(Data extracted from a collection)
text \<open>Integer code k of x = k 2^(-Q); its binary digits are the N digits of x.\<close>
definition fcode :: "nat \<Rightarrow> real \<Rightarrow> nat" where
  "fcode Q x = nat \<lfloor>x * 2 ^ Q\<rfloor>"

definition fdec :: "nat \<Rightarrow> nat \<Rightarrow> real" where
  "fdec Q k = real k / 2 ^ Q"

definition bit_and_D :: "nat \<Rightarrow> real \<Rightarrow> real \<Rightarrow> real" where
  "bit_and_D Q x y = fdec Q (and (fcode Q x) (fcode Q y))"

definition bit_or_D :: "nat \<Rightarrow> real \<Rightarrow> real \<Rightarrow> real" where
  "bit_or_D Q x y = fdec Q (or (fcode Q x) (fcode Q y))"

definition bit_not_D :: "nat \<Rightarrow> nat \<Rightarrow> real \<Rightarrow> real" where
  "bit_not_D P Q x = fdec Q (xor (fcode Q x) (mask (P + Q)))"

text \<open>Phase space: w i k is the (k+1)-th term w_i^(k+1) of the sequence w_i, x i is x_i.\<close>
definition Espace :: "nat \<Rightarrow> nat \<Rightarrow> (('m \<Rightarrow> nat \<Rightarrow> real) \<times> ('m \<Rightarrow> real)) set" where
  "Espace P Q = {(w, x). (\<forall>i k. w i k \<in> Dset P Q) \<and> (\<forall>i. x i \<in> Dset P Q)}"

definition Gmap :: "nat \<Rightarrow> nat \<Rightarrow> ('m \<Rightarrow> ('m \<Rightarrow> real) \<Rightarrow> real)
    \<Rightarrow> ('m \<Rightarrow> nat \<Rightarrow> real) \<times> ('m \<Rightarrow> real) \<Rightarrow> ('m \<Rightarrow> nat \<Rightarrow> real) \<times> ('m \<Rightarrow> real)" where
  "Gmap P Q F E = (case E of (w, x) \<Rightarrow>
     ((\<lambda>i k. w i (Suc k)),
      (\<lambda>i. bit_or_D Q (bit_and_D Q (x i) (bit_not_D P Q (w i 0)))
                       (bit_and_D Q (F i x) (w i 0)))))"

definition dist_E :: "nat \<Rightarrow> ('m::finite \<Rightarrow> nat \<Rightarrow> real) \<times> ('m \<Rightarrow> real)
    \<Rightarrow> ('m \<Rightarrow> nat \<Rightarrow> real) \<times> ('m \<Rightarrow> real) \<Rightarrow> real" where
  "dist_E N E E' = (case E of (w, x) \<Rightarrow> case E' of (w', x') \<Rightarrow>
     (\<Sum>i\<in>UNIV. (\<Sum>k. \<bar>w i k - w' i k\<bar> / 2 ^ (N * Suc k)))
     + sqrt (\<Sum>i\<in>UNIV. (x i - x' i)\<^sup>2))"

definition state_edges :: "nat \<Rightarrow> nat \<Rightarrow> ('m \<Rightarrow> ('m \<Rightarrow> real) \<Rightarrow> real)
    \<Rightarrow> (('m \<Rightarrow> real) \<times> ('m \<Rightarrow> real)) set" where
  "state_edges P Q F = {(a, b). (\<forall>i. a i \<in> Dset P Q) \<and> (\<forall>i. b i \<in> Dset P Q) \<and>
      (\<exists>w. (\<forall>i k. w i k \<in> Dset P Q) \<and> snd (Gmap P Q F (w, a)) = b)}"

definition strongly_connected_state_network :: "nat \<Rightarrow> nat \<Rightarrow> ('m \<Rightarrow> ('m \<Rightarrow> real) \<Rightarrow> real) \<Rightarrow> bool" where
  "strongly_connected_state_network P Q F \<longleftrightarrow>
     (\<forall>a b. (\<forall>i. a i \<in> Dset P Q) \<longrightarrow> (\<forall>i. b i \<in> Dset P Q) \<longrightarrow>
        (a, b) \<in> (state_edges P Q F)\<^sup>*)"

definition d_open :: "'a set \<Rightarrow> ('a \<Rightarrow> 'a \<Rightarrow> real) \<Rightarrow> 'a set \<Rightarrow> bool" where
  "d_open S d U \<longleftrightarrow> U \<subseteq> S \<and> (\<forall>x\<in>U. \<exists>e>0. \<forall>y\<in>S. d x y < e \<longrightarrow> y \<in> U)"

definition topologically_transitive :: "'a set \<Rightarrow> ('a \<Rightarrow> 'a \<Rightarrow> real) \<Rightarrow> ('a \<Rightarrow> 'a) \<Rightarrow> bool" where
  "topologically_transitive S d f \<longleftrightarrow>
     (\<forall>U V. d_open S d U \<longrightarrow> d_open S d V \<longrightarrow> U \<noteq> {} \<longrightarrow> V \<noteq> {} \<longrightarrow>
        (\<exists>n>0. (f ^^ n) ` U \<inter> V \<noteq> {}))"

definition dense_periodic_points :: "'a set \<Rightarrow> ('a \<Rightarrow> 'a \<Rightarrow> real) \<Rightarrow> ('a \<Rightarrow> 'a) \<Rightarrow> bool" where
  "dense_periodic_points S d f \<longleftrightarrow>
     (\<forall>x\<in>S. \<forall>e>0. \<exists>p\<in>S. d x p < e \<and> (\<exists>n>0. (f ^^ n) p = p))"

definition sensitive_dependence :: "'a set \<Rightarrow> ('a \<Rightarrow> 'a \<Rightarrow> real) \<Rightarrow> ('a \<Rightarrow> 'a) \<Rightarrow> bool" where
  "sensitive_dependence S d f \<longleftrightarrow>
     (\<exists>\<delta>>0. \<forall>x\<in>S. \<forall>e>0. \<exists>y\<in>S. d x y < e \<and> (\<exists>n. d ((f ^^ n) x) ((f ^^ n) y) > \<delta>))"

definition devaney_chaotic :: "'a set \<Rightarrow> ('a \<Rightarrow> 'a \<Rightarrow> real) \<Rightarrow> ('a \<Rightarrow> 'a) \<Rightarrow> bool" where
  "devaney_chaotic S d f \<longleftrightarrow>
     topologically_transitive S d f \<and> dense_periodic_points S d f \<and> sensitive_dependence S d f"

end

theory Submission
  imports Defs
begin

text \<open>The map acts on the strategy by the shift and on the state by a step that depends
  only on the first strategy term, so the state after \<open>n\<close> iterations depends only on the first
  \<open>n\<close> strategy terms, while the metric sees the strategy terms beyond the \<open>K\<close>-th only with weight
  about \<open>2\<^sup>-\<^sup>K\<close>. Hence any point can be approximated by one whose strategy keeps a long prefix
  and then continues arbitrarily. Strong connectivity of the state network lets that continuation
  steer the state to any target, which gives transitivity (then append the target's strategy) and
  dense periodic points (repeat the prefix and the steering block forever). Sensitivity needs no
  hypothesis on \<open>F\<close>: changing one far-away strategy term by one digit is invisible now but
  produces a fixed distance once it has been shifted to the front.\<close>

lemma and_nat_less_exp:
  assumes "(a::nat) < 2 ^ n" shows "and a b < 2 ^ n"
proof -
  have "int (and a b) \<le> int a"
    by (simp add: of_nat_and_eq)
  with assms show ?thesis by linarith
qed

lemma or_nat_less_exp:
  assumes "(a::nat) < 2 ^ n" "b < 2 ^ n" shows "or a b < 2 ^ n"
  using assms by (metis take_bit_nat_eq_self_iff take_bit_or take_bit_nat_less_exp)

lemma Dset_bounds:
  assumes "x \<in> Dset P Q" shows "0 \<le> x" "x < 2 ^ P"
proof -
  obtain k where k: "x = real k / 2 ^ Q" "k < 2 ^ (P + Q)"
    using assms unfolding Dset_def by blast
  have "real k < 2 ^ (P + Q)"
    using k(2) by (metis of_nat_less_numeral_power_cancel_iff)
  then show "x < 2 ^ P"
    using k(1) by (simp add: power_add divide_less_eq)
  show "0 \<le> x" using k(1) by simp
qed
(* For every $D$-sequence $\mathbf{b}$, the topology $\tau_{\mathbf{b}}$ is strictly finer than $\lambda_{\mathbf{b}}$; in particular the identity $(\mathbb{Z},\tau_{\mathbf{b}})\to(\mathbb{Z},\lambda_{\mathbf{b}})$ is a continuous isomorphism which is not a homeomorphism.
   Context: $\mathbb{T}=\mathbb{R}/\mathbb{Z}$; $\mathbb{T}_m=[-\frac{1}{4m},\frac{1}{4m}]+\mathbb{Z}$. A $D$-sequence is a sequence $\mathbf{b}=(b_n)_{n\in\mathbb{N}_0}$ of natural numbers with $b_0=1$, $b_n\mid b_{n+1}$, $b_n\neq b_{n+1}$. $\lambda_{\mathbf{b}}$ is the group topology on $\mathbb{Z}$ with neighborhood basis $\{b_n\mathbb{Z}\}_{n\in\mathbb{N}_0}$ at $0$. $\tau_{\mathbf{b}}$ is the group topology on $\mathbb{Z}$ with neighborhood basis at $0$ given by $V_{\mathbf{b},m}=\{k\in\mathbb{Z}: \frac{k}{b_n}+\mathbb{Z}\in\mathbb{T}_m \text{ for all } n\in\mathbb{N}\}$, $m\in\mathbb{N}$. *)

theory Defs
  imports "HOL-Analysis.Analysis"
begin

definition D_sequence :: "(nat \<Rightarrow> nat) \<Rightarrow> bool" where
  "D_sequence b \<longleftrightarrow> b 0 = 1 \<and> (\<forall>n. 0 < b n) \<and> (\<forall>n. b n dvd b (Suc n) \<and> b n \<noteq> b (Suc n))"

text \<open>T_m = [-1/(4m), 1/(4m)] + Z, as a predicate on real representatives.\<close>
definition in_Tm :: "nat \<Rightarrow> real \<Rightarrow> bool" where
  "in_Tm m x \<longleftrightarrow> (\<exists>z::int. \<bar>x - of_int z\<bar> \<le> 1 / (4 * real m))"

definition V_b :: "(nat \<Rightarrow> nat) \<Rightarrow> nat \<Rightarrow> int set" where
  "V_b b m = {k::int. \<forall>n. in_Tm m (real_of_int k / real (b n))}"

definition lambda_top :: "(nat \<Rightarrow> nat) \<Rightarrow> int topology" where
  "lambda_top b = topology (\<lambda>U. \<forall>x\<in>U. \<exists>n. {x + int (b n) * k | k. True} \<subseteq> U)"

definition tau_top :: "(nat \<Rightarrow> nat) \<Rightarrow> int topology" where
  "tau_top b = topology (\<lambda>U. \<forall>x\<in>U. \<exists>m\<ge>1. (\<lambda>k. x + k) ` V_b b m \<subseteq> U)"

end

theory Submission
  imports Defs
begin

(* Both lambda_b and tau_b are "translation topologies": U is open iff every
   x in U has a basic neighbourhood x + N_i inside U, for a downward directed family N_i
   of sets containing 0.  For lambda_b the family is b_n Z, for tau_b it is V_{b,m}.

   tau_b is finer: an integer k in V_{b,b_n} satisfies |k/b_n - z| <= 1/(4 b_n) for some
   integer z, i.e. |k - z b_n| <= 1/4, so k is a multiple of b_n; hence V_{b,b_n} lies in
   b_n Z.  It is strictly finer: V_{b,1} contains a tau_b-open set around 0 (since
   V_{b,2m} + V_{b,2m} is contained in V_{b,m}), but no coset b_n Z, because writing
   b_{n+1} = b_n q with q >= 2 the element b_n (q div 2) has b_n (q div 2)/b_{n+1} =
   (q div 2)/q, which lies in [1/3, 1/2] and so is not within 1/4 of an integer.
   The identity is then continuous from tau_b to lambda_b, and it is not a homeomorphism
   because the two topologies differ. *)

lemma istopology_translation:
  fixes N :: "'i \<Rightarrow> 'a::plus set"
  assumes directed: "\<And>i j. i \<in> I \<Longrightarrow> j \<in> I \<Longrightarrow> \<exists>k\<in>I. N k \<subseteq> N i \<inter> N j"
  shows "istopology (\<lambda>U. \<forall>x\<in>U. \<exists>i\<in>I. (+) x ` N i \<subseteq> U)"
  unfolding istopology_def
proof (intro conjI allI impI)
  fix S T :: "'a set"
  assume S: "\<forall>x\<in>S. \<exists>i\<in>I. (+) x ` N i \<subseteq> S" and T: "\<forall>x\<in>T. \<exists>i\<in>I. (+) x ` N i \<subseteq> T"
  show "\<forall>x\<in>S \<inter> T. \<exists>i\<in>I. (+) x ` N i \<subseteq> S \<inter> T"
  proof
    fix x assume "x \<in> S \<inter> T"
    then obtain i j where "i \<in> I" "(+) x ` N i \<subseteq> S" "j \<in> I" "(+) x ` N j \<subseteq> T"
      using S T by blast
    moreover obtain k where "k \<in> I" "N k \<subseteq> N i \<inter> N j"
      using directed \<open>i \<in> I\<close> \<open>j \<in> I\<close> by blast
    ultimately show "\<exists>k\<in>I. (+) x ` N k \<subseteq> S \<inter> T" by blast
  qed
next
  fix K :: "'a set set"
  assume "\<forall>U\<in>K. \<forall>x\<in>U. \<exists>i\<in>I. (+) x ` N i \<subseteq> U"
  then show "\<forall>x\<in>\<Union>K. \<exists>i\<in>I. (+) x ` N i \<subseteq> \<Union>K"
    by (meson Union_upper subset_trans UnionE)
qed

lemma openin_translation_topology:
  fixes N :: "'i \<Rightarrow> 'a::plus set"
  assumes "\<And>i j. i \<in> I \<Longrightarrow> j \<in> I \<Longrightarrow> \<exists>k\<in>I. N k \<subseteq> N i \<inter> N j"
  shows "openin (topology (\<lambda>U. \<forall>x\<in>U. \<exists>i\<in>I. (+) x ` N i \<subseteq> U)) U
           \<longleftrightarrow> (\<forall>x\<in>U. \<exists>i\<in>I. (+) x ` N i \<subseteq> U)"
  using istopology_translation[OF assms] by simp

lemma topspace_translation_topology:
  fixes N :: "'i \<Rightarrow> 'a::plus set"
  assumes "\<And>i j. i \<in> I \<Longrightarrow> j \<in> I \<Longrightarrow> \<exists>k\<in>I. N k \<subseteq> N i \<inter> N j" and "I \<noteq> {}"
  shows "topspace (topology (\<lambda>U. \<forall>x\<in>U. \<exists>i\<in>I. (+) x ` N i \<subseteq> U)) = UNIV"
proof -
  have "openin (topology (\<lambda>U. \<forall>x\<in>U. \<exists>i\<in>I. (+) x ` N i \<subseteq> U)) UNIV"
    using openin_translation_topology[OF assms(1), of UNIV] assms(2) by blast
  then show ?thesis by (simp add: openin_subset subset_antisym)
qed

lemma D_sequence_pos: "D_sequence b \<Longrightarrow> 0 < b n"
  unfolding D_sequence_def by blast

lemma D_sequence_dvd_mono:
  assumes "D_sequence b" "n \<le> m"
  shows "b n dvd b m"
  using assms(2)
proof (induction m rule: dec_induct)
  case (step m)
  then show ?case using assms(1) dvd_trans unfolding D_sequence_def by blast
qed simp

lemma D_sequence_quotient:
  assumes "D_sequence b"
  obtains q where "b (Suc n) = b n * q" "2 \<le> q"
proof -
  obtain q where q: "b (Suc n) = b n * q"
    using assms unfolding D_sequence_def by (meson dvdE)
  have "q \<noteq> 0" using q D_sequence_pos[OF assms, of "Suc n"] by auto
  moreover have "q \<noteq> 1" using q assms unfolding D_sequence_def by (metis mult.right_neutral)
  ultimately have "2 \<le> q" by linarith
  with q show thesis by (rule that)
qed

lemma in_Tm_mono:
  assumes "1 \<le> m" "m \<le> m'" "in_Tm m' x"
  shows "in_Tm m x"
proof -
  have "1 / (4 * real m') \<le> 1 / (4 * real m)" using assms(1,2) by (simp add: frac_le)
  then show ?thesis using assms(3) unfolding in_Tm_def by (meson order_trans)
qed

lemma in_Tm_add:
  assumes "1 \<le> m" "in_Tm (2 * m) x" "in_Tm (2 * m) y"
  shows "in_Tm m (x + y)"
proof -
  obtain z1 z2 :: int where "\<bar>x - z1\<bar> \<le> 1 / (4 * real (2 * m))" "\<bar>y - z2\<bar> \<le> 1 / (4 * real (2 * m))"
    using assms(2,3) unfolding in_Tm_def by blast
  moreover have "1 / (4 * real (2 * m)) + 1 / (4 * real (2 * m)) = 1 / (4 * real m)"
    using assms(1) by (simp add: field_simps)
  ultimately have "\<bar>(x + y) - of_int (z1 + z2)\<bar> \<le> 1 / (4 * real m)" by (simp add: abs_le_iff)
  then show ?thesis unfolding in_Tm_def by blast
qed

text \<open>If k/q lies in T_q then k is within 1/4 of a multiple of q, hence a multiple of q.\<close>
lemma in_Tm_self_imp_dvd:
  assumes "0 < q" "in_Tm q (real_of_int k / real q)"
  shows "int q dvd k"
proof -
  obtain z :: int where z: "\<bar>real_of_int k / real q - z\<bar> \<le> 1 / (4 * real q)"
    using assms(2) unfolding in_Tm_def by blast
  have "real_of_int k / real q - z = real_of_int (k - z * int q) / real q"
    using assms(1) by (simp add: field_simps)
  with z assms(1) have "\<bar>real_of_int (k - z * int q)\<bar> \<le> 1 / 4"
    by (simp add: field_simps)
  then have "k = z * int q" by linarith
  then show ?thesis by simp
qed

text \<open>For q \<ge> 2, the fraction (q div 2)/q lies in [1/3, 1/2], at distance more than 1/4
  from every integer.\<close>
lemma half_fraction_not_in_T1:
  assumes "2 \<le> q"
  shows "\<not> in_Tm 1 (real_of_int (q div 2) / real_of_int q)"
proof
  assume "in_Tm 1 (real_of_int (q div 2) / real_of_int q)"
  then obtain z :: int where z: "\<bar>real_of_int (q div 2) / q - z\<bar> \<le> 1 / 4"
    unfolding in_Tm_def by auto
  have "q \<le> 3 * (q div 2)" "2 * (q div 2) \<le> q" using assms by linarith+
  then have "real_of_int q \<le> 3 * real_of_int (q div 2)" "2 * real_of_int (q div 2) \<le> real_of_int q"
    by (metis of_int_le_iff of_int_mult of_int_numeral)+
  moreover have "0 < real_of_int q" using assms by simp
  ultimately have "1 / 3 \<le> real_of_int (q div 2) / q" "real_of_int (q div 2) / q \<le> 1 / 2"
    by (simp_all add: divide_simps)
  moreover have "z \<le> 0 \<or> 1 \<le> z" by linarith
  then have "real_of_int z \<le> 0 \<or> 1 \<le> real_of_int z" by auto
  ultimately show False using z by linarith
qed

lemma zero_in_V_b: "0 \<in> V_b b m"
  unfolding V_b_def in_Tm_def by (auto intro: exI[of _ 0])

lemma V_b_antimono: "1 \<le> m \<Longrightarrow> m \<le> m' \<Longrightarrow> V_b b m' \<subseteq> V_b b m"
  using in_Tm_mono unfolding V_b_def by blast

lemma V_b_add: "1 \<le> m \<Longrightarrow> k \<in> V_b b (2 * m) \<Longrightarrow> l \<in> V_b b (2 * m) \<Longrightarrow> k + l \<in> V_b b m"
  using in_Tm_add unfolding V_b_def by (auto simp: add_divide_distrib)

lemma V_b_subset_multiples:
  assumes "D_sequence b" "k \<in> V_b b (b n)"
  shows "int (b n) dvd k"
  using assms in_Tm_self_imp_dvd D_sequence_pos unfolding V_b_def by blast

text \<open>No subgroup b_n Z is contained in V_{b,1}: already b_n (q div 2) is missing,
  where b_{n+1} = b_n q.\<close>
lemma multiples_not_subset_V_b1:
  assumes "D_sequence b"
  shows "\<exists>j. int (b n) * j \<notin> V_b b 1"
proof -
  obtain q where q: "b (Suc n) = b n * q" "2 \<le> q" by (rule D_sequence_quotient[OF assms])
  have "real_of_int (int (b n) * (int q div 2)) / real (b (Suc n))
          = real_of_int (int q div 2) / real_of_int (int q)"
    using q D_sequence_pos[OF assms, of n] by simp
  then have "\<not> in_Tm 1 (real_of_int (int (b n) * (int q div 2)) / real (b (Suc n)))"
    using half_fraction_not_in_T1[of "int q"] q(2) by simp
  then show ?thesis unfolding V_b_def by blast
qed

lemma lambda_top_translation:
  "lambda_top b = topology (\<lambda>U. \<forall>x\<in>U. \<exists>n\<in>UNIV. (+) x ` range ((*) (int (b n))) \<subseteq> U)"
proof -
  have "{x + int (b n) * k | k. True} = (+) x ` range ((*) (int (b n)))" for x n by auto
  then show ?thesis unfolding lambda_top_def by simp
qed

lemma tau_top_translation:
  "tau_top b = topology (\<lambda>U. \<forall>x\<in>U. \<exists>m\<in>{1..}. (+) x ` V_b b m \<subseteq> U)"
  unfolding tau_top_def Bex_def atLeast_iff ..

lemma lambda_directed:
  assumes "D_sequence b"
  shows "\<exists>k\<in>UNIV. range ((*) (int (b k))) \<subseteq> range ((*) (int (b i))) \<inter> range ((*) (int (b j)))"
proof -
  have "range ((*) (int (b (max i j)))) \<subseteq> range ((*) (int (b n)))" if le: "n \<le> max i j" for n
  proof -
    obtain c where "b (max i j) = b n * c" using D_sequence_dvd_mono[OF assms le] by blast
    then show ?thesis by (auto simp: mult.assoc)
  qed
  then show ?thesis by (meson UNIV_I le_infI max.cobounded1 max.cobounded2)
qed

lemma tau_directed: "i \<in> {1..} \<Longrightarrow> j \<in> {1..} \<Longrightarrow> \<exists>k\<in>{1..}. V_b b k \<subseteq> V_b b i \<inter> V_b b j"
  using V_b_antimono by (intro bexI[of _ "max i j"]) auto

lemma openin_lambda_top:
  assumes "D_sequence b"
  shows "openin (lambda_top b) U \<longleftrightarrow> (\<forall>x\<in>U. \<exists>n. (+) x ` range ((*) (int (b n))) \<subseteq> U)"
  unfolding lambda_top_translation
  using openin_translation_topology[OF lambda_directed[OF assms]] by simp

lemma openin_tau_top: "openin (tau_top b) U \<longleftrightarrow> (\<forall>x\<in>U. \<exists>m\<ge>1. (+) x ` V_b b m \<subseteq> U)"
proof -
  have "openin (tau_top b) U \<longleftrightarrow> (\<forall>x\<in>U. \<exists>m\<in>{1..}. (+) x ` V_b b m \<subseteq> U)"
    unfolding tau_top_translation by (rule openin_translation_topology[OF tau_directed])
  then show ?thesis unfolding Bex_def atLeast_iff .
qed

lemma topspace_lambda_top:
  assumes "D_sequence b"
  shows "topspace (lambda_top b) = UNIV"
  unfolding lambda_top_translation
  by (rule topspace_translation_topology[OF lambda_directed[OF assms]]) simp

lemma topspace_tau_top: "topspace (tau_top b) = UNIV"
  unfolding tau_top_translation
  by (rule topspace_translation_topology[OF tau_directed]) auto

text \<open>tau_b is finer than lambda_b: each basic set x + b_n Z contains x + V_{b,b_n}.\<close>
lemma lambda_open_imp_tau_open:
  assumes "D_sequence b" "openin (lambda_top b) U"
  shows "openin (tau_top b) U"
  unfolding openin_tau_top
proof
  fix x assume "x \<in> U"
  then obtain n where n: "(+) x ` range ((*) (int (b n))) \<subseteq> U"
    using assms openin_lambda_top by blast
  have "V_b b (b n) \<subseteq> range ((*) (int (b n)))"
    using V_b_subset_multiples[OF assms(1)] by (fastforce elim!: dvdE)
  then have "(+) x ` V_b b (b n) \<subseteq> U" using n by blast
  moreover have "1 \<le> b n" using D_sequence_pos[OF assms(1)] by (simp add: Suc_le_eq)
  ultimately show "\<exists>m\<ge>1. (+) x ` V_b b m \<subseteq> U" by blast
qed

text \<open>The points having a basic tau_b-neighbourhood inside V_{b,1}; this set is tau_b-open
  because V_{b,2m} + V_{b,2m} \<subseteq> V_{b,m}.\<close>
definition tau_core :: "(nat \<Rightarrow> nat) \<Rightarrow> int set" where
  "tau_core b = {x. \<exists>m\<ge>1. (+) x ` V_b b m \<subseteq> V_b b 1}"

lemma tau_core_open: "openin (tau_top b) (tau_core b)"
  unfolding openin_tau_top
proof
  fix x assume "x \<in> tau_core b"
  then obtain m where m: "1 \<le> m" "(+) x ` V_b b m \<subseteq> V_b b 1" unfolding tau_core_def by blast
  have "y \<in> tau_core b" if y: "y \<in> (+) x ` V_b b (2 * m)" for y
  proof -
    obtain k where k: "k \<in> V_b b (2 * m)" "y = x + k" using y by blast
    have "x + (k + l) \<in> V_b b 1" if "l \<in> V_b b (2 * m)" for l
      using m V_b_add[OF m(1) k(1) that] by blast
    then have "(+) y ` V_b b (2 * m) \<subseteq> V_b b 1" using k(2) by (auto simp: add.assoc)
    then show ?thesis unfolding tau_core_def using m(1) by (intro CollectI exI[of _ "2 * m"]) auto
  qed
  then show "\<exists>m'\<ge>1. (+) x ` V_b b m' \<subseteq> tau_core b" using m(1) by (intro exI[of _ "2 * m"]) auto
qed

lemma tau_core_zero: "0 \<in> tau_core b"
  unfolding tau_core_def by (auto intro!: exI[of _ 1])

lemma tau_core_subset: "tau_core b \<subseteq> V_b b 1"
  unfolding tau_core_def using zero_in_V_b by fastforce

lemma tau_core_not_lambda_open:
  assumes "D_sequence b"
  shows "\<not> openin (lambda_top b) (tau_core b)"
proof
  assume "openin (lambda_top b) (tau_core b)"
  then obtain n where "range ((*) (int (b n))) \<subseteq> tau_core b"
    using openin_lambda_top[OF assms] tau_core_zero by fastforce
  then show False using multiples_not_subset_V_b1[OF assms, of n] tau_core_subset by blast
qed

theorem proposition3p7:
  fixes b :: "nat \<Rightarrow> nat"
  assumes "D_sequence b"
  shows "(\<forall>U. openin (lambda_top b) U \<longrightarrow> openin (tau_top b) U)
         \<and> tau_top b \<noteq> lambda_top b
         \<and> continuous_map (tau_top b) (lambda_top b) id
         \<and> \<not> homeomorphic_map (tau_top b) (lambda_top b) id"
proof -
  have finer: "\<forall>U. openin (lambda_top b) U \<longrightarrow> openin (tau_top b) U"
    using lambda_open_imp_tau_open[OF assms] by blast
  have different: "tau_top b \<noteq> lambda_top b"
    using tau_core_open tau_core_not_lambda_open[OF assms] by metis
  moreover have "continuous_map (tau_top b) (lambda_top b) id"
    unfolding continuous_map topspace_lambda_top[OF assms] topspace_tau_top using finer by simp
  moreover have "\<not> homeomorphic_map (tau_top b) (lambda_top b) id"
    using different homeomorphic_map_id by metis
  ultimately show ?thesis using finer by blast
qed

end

> Exercise objective
Reproduce exactly the section above that begins at the line containing "using in_Tm_mono unfolding V_b_def by blast" and ends at the line containing "using assms in_Tm_self_imp_dvd", leaving out all other lines.

> Expected answer
  using in_Tm_mono unfolding V_b_def by blast

lemma V_b_add: "1 \<le> m \<Longrightarrow> k \<in> V_b b (2 * m) \<Longrightarrow> l \<in> V_b b (2 * m) \<Longrightarrow> k + l \<in> V_b b m"
  using in_Tm_add unfolding V_b_def by (auto simp: add_divide_distrib)

lemma V_b_subset_multiples:
  assumes "D_sequence b" "k \<in> V_b b (b n)"
  shows "int (b n) dvd k"
  using assms in_Tm_self_imp_dvd D_sequence_pos unfolding V_b_def by blast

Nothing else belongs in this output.